B. The Standard for Determining a Public Entity’s Motion to Dismiss Based on the CGIA
¶ 12 In Trinity, the supreme court considered whether a court
should apply a C.R.C.P. 12(b)(1) or a C.R.C.P. 56 standard when a
public entity asserts immunity under the CGIA and seeks dismissal
of the plaintiff’s claims against it. See Trinity, 848 P.2d at 924-27.
6 ¶ 13 Relying on parallels between Rule 12(b)(1) of the Federal Rules
of Civil Procedure and C.R.C.P. 12(b)(1), Trinity held that, “[i]f the
motion [to dismiss] is a factual attack on the jurisdictional
allegations of the complaint . . . , the trial court may receive any
competent evidence pertaining to the motion” without converting it
to a summary judgment motion. Id. at 924.
III. Standard of Review
¶ 14 Questions of immunity under the CGIA present mixed
questions of fact and law. Maphis v. City of Boulder, 2022 CO 10,
¶ 12. In deciding a C.R.C.P. 12(b)(1) motion to dismiss based on
immunity under the CGIA, the court must make factual findings
about its ability to hear the case. Dennis, ¶ 9.
¶ 15 We review a court’s factual findings for clear error, but we
review de novo the legal determination of whether those facts
demonstrate that the public entity waived sovereign immunity
under the CGIA. See Maphis, ¶ 12 (noting that whether
jurisdictional facts constitute a “dangerous condition” under the
CGIA is reviewed de novo).
7 IV. Application
¶ 16 Manitou contends that Mostellar didn’t preserve her argument
that the court converted the motion to dismiss to a motion for
summary judgment. We disagree.
¶ 17 Manitou moved for an award of attorney fees after the court
granted the motion to dismiss.

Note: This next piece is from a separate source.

(* Let $\mathbf{H}\in\mathbb{R}^{m\times n}$ have full column rank and let $\mathcal{S}_A,\mathcal{S}_F\subseteq\{1,\dots,m\}$ be disjoint, $\mathcal{A}=\{\mathbf{a}\in\mathbb{R}^m: a_i=0\ \forall i\notin\mathcal{S}_A\}$. Let $\mathbf{U}\in\mathbb{R}^{m\times n}$ be any matrix whose columns form a basis of $\mathcal{R}(\mathbf{H})$. Define $\tilde{\mathbf{W}}=\mathbf{I}-\mathbf{U}(\mathbf{U}^T\mathbf{U})^{-1}\mathbf{U}^T$, the diagonal matrix $\tilde{\mathbf{\Omega}}\in\mathbb{R}^{m\times m}$ with $\tilde{\mathbf{\Omega}}_{ii}=1/\sqrt{\tilde{\mathbf{W}}_{ii}}$ if $\tilde{\mathbf{W}}_{ii}>0$ and $\tilde{\mathbf{\Omega}}_{ii}=0$ if $\tilde{\mathbf{W}}_{ii}=0$, the row selection matrix $\mathbf{I}_{\mathcal{S}_F}\in\mathbb{R}^{|\mathcal{S}_F|\times m}$ retaining the rows indexed by $\mathcal{S}_F$, and $\mathbf{U}_1$ (resp. $\mathbf{H}_1$) obtained from $\mathbf{U}$ (resp. $\mathbf{H}$) by replacing the rows indexed by $\mathcal{S}_F$ with zero rows. Consider (P1) maximize $\mathbb{E}\big[\sum_{i\in\mathcal{S}_F}\tilde r_i^2\big]$ over $\mathbf{a}$ subject to $\|\mathbf{a}\|_2^2=1$, $\mathbf{a}\in\mathcal{R}(\mathbf{H}_1)\cap\mathcal{A}$, (P2) maximize $\|\mathbf{I}_{\mathcal{S}_F}\tilde{\mathbf{\Omega}}\tilde{\mathbf{W}}\mathbf{a}\|_2^2$ over $\mathbf{a}$ subject to $\|\mathbf{a}\|_2^2=1$, $\mathbf{a}\in\mathcal{R}(\mathbf{U}_1)\cap\mathcal{A}$, where in (P1) $\tilde{\mathbf{r}}$ is the normalized residue vector defined in the context. Then a vector is a solution of (P2) if and only if it is a solution of (P1).
   Context: Measurement model: $\mathbf{z}=\mathbf{H}\mathbf{x}+\mathbf{e}$ with fixed state $\mathbf{x}$ and $\mathbf{e}\sim\mathcal{N}(\mathbf{0},\sigma^2\mathbf{I})$; the adversary adds $\mathbf{a}\in\mathcal{A}$, giving $\mathbf{z}+\mathbf{a}$. Let $\mathbf{W}=\mathbf{I}-\mathbf{H}(\mathbf{H}^T\mathbf{H})^{-1}\mathbf{H}^T$; the residue is $\mathbf{r}=\mathbf{W}(\mathbf{z}+\mathbf{a})$ and the normalized residue is $\tilde{\mathbf{r}}=\mathbf{\Omega}\mathbf{r}$, where $\mathbf{\Omega}$ is diagonal with $\mathbf{\Omega}_{ii}=0$ if removing row $i$ from $\mathbf{H}$ makes it lose full column rank, and $\mathbf{\Omega}_{ii}=1/\sqrt{\sigma^2\mathbf{W}_{ii}}$ otherwise. The expectation in (P1) is over $\mathbf{e}$. $\mathcal{S}_A$ is the set of adversary-controlled sensors and $\mathcal{S}_F$ the set of sensors to be framed (made to appear as bad data). *)

theory Defs
  imports "HOL-Analysis.Analysis" "HOL-Probability.Probability"
begin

Mostellar responded that Manitou
wasn’t entitled to attorney fees because the motion to dismiss was
“treated as a motion for summary judgment.”

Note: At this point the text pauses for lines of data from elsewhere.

(* Let $S^{(1)}_{\rm tr},S^{(1)}_1,\dots,S^{(1)}_m$ be the output of Algorithm 1 and $S^{(2)}_{\rm tr},S^{(2)}_1,\dots,S^{(2)}_m$ the output of Algorithm 2 (both defined in the context). If every $f_i$ is monotone and submodular, then $$\max\Bigl\{\sum_{i=1}^m f_i\bigl(S^{(1)}_{\rm tr}\cup S^{(1)}_i\bigr),\;\sum_{i=1}^m f_i\bigl(S^{(2)}_{\rm tr}\cup S^{(2)}_i\bigr)\Bigr\}\;\ge\;0.53\cdot\mathrm{OPT}.$$ (That is, the Meta-Greedy algorithm, which runs Algorithms 1 and 2 and returns the solution with larger objective $\sum_i f_i(S_{\rm tr}\cup S_i)$, is $0.53$-approximate.)
   Context: $V$ is a finite ground set with $|V|=n$; $k,l$ are integers with $1\le l<k\le n$. For $i=1,\dots,m$, $f_i:2^V\to\mathbb{R}_{\ge 0}$ is a set function; $f_i$ is monotone if $A\subseteq B\Rightarrow f_i(A)\le f_i(B)$ and submodular if $f_i(A)+f_i(B)\ge f_i(A\cup B)+f_i(A\cap B)$ for all $A,B\subseteq V$. Write $\Delta_i(e\mid S)=f_i(S\cup\{e\})-f_i(S)$. Define $$\mathrm{OPT}=\max_{S_{\rm tr}\subseteq V,\,|S_{\rm tr}|\le l}\;\sum_{i=1}^m\;\max_{S_i\subseteq V,\,|S_i|\le k-l} f_i(S_{\rm tr}\cup S_i).$$ Algorithm 1: start with $S_{\rm tr}=S_1=\dots=S_m=\emptyset$. Phase 1: for $t=1,\dots,l$, choose $e^*\in\arg\max_{e\in V\setminus S_{\rm tr}}\sum_{i=1}^m\Delta_i(e\mid S_{\rm tr})$ and set $S_{\rm tr}\leftarrow S_{\rm tr}\cup\{e^*\}$. Phase 2: for $t=1,\dots,k-l$ and each $i$, choose $e_i^*\in\arg\max_{e\in V\setminus(S_{\rm tr}\cup S_i)}\Delta_i(e\mid S_{\rm tr}\cup S_i)$ and set $S_i\leftarrow S_i\cup\{e_i^*\}$. Algorithm 2: start with $S_{\rm tr}=S_1=\dots=S_m=\emptyset$. Phase 1: for each $i$ and $t=1,\dots,k-l$, choose $e_i^*\in\arg\max_{e\in V\setminus S_i}\Delta_i(e\mid S_i)$ and set $S_i\leftarrow S_i\cup\{e_i^*\}$. Phase 2: for $t=1,\dots,l$, choose $e^*\in\arg\max_{e\in V\setminus S_{\rm tr}}\sum_{i=1}^m\Delta_i(e\mid S_{\rm tr}\cup S_i)$ and set $S_{\rm tr}\leftarrow S_{\rm tr}\cup\{e^*\}$. Ties in all argmax's are broken arbitrarily. *)

theory Defs
  imports Complex_Main
begin

definition gain :: "('a set \<Rightarrow> real) \<Rightarrow> 'a \<Rightarrow> 'a set \<Rightarrow> real" where
  "gain g e S = g (S \<union> {e}) - g S"

definition monotone_on_subsets :: "'a set \<Rightarrow> ('a set \<Rightarrow> real) \<Rightarrow> bool" where
  "monotone_on_subsets V g \<longleftrightarrow> (\<forall>A B. A \<subseteq> B \<and> B \<subseteq> V \<longrightarrow> g A \<le> g B)"

definition submodular_on_subsets :: "'a set \<Rightarrow> ('a set \<Rightarrow> real) \<Rightarrow> bool" where
  "submodular_on_subsets V g \<longleftrightarrow>
     (\<forall>A B. A \<subseteq> V \<and> B \<subseteq> V \<longrightarrow> g A + g B \<ge> g (A \<union> B) + g (A \<inter> B))"

text \<open>A generic greedy run with arbitrary tie breaking:
  \<open>greedy_run V B w t S\<close> means that starting from the empty set and performing
  \<open>t\<close> steps, each adding an element \<open>e \<in> V - (B \<union> S)\<close> maximising the score
  \<open>w S e\<close> over all such candidates, one can arrive at \<open>S\<close>.\<close>
inductive greedy_run :: "'a set \<Rightarrow> 'a set \<Rightarrow> ('a set \<Rightarrow> 'a \<Rightarrow> real) \<Rightarrow> nat \<Rightarrow> 'a set \<Rightarrow> bool"
  for V B w where
  start: "greedy_run V B w 0 {}"
| step: "greedy_run V B w t S \<Longrightarrow> e \<in> V - (B \<union> S) \<Longrightarrow>
         (\<forall>e' \<in> V - (B \<union> S). w S e' \<le> w S e) \<Longrightarrow>
         greedy_run V B w (Suc t) (insert e S)"

definition alg1_output ::
  "'a set \<Rightarrow> nat \<Rightarrow> nat \<Rightarrow> nat \<Rightarrow> (nat \<Rightarrow> 'a set \<Rightarrow> real) \<Rightarrow> 'a set \<Rightarrow> (nat \<Rightarrow> 'a set) \<Rightarrow> bool" where
  "alg1_output V k l m f Str Ss \<longleftrightarrow>
     greedy_run V {} (\<lambda>S e. \<Sum>i\<in>{1..m}. gain (f i) e S) l Str \<and>
     (\<forall>i\<in>{1..m}. greedy_run V Str (\<lambda>S e. gain (f i) e (Str \<union> S)) (k - l) (Ss i))"

definition alg2_output ::
  "'a set \<Rightarrow> nat \<Rightarrow> nat \<Rightarrow> nat \<Rightarrow> (nat \<Rightarrow> 'a set \<Rightarrow> real) \<Rightarrow> 'a set \<Rightarrow> (nat \<Rightarrow> 'a set) \<Rightarrow> bool" where
  "alg2_output V k l m f Str Ss \<longleftrightarrow>
     (\<forall>i\<in>{1..m}. greedy_run V {} (\<lambda>S e. gain (f i) e S) (k - l) (Ss i)) \<and>
     greedy_run V {} (\<lambda>S e. \<Sum>i\<in>{1..m}. gain (f i) e (S \<union> Ss i)) l Str"

definition opt ::
  "'a set \<Rightarrow> nat \<Rightarrow> nat \<Rightarrow> nat \<Rightarrow> (nat \<Rightarrow> 'a set \<Rightarrow> real) \<Rightarrow> real" where
  "opt V k l m f =
     Max ((\<lambda>T. \<Sum>i\<in>{1..m}. Max ((\<lambda>S. f i (T \<union> S)) ` {S. S \<subseteq> V \<and> card S \<le> k - l}))
          ` {T. T \<subseteq> V \<and> card T \<le> l})"

end

theory Submission
  imports Defs
begin

text \<open>
  Both algorithms are analysed through one greedy inequality. If a greedy run of \<open>t\<close> steps
  maximises the marginal gain of a monotone submodular \<open>G\<close>, then for every set \<open>C\<close> with
  \<open>|C| \<le> n\<close>, every superset \<open>Y\<close> of the run's output \<open>S\<close> and every \<open>\<tau> \<in> [0, t/n]\<close>,
  \<open>G S - G {} \<ge> (G C - G {}) (1 - e\<^sup>-\<^sup>\<tau>) + (t/n - \<tau>) (G (Y \<union> C) - G Y)\<close>:
  each step gains at least \<open>1/n\<close> of both the distance to \<open>G C\<close> and of what \<open>C\<close> still adds to
  \<open>Y\<close>, and interpolating between the two one-step bounds gives the exponential.
  Applied to the four greedy phases, with \<open>C\<close> taken from an optimal solution
  \<open>T\<^sup>*, S\<^sub>i\<^sup>*\<close>, and combined with three consequences of submodularity, this yields linear
  constraints between a dozen sums of values which force one of the two outputs to reach
  \<open>0.53 OPT\<close>.
\<close>

lemma greedy_run_subset:
  assumes "greedy_run V B w t S"
  shows "S \<subseteq> V - B"
  using assms by (induction rule: greedy_run.induct) auto

lemma greedy_run_card:
  assumes "greedy_run V B w t S"
  shows "card S = t"
proof -
  have "finite S \<and> card S = t"
    using assms by (induction rule: greedy_run.induct) auto
  then show ?thesis by simp
qed

lemma exp_bound_step:
  fixes n s P D y y' \<tau> :: real
  assumes n: "1 \<le> n" and s: "0 \<le> s" and P: "0 \<le> P"
    and IH: "\<And>\<sigma>. 0 \<le> \<sigma> \<Longrightarrow> \<sigma> \<le> s \<Longrightarrow> P * (1 - exp (-\<sigma>)) + (s - \<sigma>) * D \<le> y"
    and towards_P: "y + (P - y) / n \<le> y'" and towards_D: "y + D / n \<le> y'"
    and \<tau>: "0 \<le> \<tau>" "\<tau> \<le> s + 1 / n"
  shows "P * (1 - exp (-\<tau>)) + (s + 1 / n - \<tau>) * D \<le> y'"
proof (cases "\<tau> \<le> s")
  case True
  then show ?thesis using IH[OF \<tau>(1) True] towards_D by (simp add: algebra_simps)
next
  case False
  define w where "w = \<tau> - s"
  have w0: "0 \<le> w" and w_n: "w \<le> 1 / n"
    using False \<tau>(2) by (auto simp: w_def)
  have w: "0 \<le> n * w" "n * w \<le> 1"
    using w0 w_n n by (auto simp: field_simps)
  have "1 / n \<le> 1" using n by simp
  with w_n have w_le_1: "w \<le> 1" by linarith
  \<comment> \<open>\<open>y'\<close> dominates the convex combination of the two one-step bounds with weights \<open>n w\<close> and \<open>1 - n w\<close>\<close>
  have "n * w * (y + (P - y) / n) + (1 - n * w) * (y + D / n) \<le> n * w * y' + (1 - n * w) * y'"
    using mult_left_mono[OF towards_P w(1)] mult_left_mono[OF towards_D, of "1 - n * w"] w(2)
    by linarith
  moreover have "n * w * (y + (P - y) / n) + (1 - n * w) * (y + D / n)
                   = y + w * (P - y) + (1 / n - w) * D"
    using n by (simp add: field_simps)
  ultimately have convex: "y + w * (P - y) + (1 / n - w) * D \<le> y'"
    by (simp add: algebra_simps)
  have "(1 - w) * (P * (1 - exp (-s))) \<le> (1 - w) * y"
    using IH[OF s order_refl] w_le_1 by (intro mult_left_mono) auto
  moreover have "exp (-s) * (1 - w) \<le> exp (-s) * exp (-w)"
    using exp_ge_add_one_self[of "-w"] by (intro mult_left_mono) auto
  then have "P * (exp (-s) * (1 - w)) \<le> P * exp (-\<tau>)"
    using P by (intro mult_left_mono) (auto simp: w_def simp flip: exp_add)
  ultimately have "P * (1 - exp (-\<tau>)) \<le> y + w * (P - y)"
    by (simp add: algebra_simps)
  moreover have "(s + 1 / n - \<tau>) * D = (1 / n - w) * D" by (simp add: w_def)
  ultimately show ?thesis using convex by linarith
qed

lemma exp_ge_taylor_sum:
  fixes x :: real
  assumes "0 \<le> x"
  shows "(\<Sum>j<N. x ^ j / fact j) \<le> exp x"
proof -
  have "(\<Sum>j<N. x ^ j /\<^sub>R fact j) \<le> (\<Sum>j. x ^ j /\<^sub>R fact j)"
    using assms by (intro sum_le_suminf summable_exp_generic) auto
  then show ?thesis by (simp add: exp_def divide_inverse mult.commute)
qed

lemma one_minus_exp_neg_1_ge: "0.632 \<le> 1 - exp (-1::real)"
proof -
  have "(\<Sum>j<7. (1::real) ^ j / fact j) \<le> exp 1" by (rule exp_ge_taylor_sum) simp
  then have "2.718 \<le> exp (1::real)" by (simp add: numeral_eq_Suc fact_numeral)
  then show ?thesis by (simp add: exp_minus field_simps)
qed

lemma one_minus_exp_neg_015_ge: "0.139 \<le> 1 - exp (-0.15::real)"
proof -
  have "(\<Sum>j<4. (0.15::real) ^ j / fact j) \<le> exp 0.15" by (rule exp_ge_taylor_sum) simp
  then have "1.1618 \<le> exp (0.15::real)" by (simp add: numeral_eq_Suc fact_numeral)
  then show ?thesis by (simp add: exp_minus field_simps)
qed

lemma one_minus_exp_neg_025_ge: "0.221 \<le> 1 - exp (-0.25::real)"
proof -
  have "(\<Sum>j<5. (0.25::real) ^ j / fact j) \<le> exp 0.25" by (rule exp_ge_taylor_sum) simp
  then have "1.2837 \<le> exp (0.25::real)" by (simp add: numeral_eq_Suc fact_numeral)
  then show ?thesis by (simp add: exp_minus field_simps)
qed

locale monotone_submodular =
  fixes V :: "'a set" and G :: "'a set \<Rightarrow> real"
  assumes monotone: "monotone_on_subsets V G"
    and submodular: "submodular_on_subsets V G"
begin

lemma mono: "A \<subseteq> B \<Longrightarrow> B \<subseteq> V \<Longrightarrow> G A \<le> G B"
  using monotone unfolding monotone_on_subsets_def by blast

lemma submod: "A \<subseteq> V \<Longrightarrow> B \<subseteq> V \<Longrightarrow> G (A \<union> B) + G (A \<inter> B) \<le> G A + G B"
  using submodular unfolding submodular_on_subsets_def by blast

lemma gain_nonneg: "S \<subseteq> V \<Longrightarrow> e \<in> V \<Longrightarrow> 0 \<le> gain G e S"
  using mono[of S "insert e S"] by (auto simp: gain_def)

lemma marginal_antimono:
  assumes "X \<subseteq> Y" "Y \<subseteq> V" "Z \<subseteq> V"
  shows "G (Y \<union> Z) - G Y \<le> G (X \<union> Z) - G X"
proof -
  have "(X \<union> Z) \<union> Y = Y \<union> Z" using assms(1) by blast
  then have "G (Y \<union> Z) + G ((X \<union> Z) \<inter> Y) \<le> G (X \<union> Z) + G Y"
    using submod[of "X \<union> Z" Y] assms by auto
  moreover have "G X \<le> G ((X \<union> Z) \<inter> Y)" using assms by (intro mono) auto
  ultimately show ?thesis by linarith
qed

lemma marginal_le_sum_gain:
  assumes "finite C" "S \<subseteq> V" "C \<subseteq> V"
  shows "G (S \<union> C) - G S \<le> (\<Sum>c\<in>C. gain G c S)"
  using assms(1,3)
proof (induction C rule: finite_induct)
  case empty
  then show ?case by simp
next
  case (insert c C)
  have "G (S \<union> insert c C) - G (S \<union> C) = G ((S \<union> C) \<union> {c}) - G (S \<union> C)"
    by (simp add: insert_commute)
  also have "\<dots> \<le> gain G c S"
    unfolding gain_def using insert.prems assms(2) by (intro marginal_antimono) auto
  finally show ?case using insert by simp
qed

lemma union_le_union_add_marginal:
  assumes "X \<subseteq> V" "T \<subseteq> V" "S \<subseteq> V"
  shows "G (T \<union> S) \<le> G (X \<union> T) + (G (X \<union> S) - G X)"
proof -
  have "G (T \<union> S) \<le> G ((X \<union> T) \<union> S)" using assms by (intro mono) auto
  moreover have "G ((X \<union> T) \<union> S) - G (X \<union> T) \<le> G (X \<union> S) - G X"
    using assms by (intro marginal_antimono) auto
  ultimately show ?thesis by linarith
qed

lemma subadditive:
  assumes "0 \<le> G {}" "T \<subseteq> V" "S \<subseteq> V"
  shows "G (T \<union> S) \<le> G T + G S"
proof -
  have "G {} \<le> G (T \<inter> S)" using assms by (intro mono) auto
  then show ?thesis using submod[of T S] assms by linarith
qed

lemma greedy_choice_gain:
  assumes S: "S \<subseteq> V" and e: "e \<in> V - (B \<union> S)"
    and best: "\<forall>e'\<in>V - (B \<union> S). gain G e' S \<le> gain G e S"
    and blocked: "\<And>c X. c \<in> B \<Longrightarrow> gain G c X = 0"
    and C: "finite C" "C \<subseteq> V" "card C \<le> n"
  shows "G (S \<union> C) - G S \<le> real n * gain G e S"
proof -
  have gain_e: "0 \<le> gain G e S" using S e by (intro gain_nonneg) auto
  have "gain G c S \<le> gain G e S" if "c \<in> C" for c
  proof -
    consider "c \<in> S" | "c \<in> B" | "c \<in> V - (B \<union> S)" using \<open>c \<in> C\<close> C(2) by auto
    then show ?thesis
      by cases (use gain_e best blocked in \<open>auto simp: gain_def insert_absorb\<close>)
  qed
  then have "(\<Sum>c\<in>C. gain G c S) \<le> (\<Sum>c\<in>C. gain G e S)"
    by (rule sum_mono)
  with marginal_le_sum_gain[OF C(1) S C(2)]
  have "G (S \<union> C) - G S \<le> (\<Sum>c\<in>C. gain G e S)" by linarith
  also have "\<dots> \<le> real n * gain G e S"
    using C(3) gain_e by (simp add: mult_right_mono)
  finally show ?thesis .
qed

¶ 18 Furthermore, in its order granting Manitou’s motion for
attorney fees, the court said it “did not convert [Manitou]’s motion
into a motion for summary judgment; rather it considered the facts
and dismissed the claims pursuant to the CGIA, [C.R.C.P.] 12(b)(1),
and Trinity.”
¶ 19 Thus, the record demonstrates that Mostellar adequately
preserved this issue. See Berra v. Springer & Steinberg, P.C., 251
P.3d 567, 570 (Colo. App. 2010) (“[T]o preserve [an] issue for
appeal[,] all that [is] needed [is] that the issue be brought to the
attention of the trial court and that the court be given an
opportunity to rule on it.”).
8 A. The Court Correctly Applied the Standards of C.R.C.P. 12(b)(1) to the Motion to Dismiss
¶ 20 Mostellar contends that, by considering matters outside the
motion to dismiss — specifically, the accompanying exhibits — the
court converted the motion to dismiss to a motion for summary
judgment under C.R.C.P. 56. Mostellar also asserts that the court
should not have made factual findings without holding an
evidentiary hearing and that she “was entitled to inferences in her
favor in law under C.R.C.P. 12(b)(1) and in fact under C.R.C.P. 56
but was given neither.” We address and reject these contentions in
turn.
1. The Court Appropriately Considered Evidence Outside the Complaint to Determine the Motion to Dismiss
¶ 21 Mostellar asserts that, “[u]nder C.R.C.P. 12(b)(1), the court
should not have considered anything outside [her] complaint.” We
disagree.
¶ 22 A public entity’s assertion of immunity under the CGIA raises
a jurisdictional question that the court is empowered to resolve as
the fact finder under C.R.C.P. 12(b)(1). See Trinity, 848 P.2d at
924-25; Medina, 35 P.3d at 454; see also Fogg v. Macaluso, 892
P.2d 271, 277 (Colo. 1995) (“Whether a claim falls within an
9 exception to the [C]GIA’s waiver of sovereign immunity is a question
of subject matter jurisdiction and, if raised before trial, it
appropriately is addressed under C.R.C.P. 12(b)(1).”); Corsentino v.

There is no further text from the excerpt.